lemma block_preimage_sets:
  "measure_preserving_map M T \<Longrightarrow> (\<And>k. C k \<in> sets M) \<Longrightarrow> block_preimage M T N C n \<in> sets M"
  unfolding block_preimage_def by (intro measure_preserving_map_vimage_sets measure_preserving_map_funpow)

lemma emeasure_block_preimage:
  "measure_preserving_map M T \<Longrightarrow> (\<And>k. C k \<in> sets M) \<Longrightarrow>
    emeasure M (block_preimage M T N C n) = emeasure M (C (block_index N n))"
  unfolding block_preimage_def by (intro measure_preserving_map_emeasure_vimage measure_preserving_map_funpow)

lemma funpow_in_block_preimage_iff:
  assumes T: "measure_preserving_map M T" and N: "strict_mono N" "N 0 = 0" and x: "x \<in> space M"
  shows "(T ^^ n) x \<in> block_preimage M T N C n \<longleftrightarrow>
    (T ^^ N (Suc (block_index N n))) x \<in> C (block_index N n)"
proof -
  have "N (Suc (block_index N n)) - n + n = N (Suc (block_index N n))"
    using block_index_bounds(2)[OF N] by (simp add: less_imp_le)
  then have "(T ^^ (N (Suc (block_index N n)) - n)) ((T ^^ n) x) = (T ^^ N (Suc (block_index N n))) x"
    by (metis funpow_add o_apply)
  moreover have "(T ^^ n) x \<in> space M"
    using measurable_space[OF measure_preserving_map_measurable[OF measure_preserving_map_funpow[OF T]] x] .
  ultimately show ?thesis
    unfolding block_preimage_def by simp
qed

lemma (in finite_measure) AE_finite_visits_block_preimage:
  assumes T: "measure_preserving_map M T" and N: "strict_mono N" "N 0 = 0"
    and C: "\<And>k. C k \<in> sets M" "summable (\<lambda>k. measure M (C k))"
  shows "AE x in M. finite {n. (T ^^ n) x \<in> block_preimage M T N C n}"
proof -
  define G where "G k = (T ^^ N (Suc k)) -` C k \<inter> space M" for k
  have G: "G k \<in> sets M" "measure M (G k) = measure M (C k)" for k
    unfolding G_def using T C(1)
    by (simp_all add: measure_preserving_map_funpow measure_preserving_map_vimage_sets
        measure_preserving_map_measure_vimage)
  have "AE x in M. eventually (\<lambda>k. x \<in> space M - G k) sequentially"
    using G C(2) by (intro borel_cantelli_AE1) (auto simp: less_top[symmetric])
  then show ?thesis
  proof eventually_elim
    case (elim x)
    then obtain K where K: "\<And>k. K \<le> k \<Longrightarrow> x \<in> space M - G k"
      by (auto simp: eventually_sequentially)
    then have x: "x \<in> space M"
      by blast
    have "{n. (T ^^ n) x \<in> block_preimage M T N C n} \<subseteq> {..<N K}"
    proof (rule subsetI, rule ccontr)
      fix n assume "n \<in> {n. (T ^^ n) x \<in> block_preimage M T N C n}" "n \<notin> {..<N K}"
      then have "x \<in> G (block_index N n)" "K \<le> block_index N n"
        using funpow_in_block_preimage_iff[OF T N x] block_index_ge[OF N] x
        by (auto simp: G_def)
      with K show False by blast
    qed
    then show ?case
      by (rule finite_subset) simp
  qed
qed

lemma suminf_emeasure_block_preimage:
  assumes T: "measure_preserving_map M T" and N: "strict_mono N" "N 0 = 0"
    and C: "\<And>k. C k \<in> sets M" "\<And>k. 1 \<le> of_nat (N (Suc k) - N k) * emeasure M (C k)"
  shows "(\<Sum>n. emeasure M (block_preimage M T N C n)) = \<infinity>"
proof (rule suminf_eq_top_if_block_sums_ge_one)
  show "mono N"
    using N(1) by (rule strict_mono_mono)
  fix k
  have "(\<Sum>n\<in>{N k..<N (Suc k)}. emeasure M (block_preimage M T N C n)) =
      (\<Sum>n\<in>{N k..<N (Suc k)}. emeasure M (C k))"
    by (intro sum.cong) (auto simp: emeasure_block_preimage[OF T C(1)] block_index_eqI[OF N])
  with C(2)[of k] show "1 \<le> (\<Sum>n\<in>{N k..<N (Suc k)}. emeasure M (block_preimage M T N C n))"
    by simp
qed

_EXERCISE DESCRIPTION_
Retype only the stretch of lines above starting at the one with "(N (Suc (block_index" and stopping at the one with "lemma (in finite_measure)", exactly as written, with both kept.

_RESPONSE BOX_
  then have "(T ^^ (N (Suc (block_index N n)) - n)) ((T ^^ n) x) = (T ^^ N (Suc (block_index N n))) x"
    by (metis funpow_add o_apply)
  moreover have "(T ^^ n) x \<in> space M"
    using measurable_space[OF measure_preserving_map_measurable[OF measure_preserving_map_funpow[OF T]] x] .
  ultimately show ?thesis
    unfolding block_preimage_def by simp
qed

lemma (in finite_measure) AE_finite_visits_block_preimage:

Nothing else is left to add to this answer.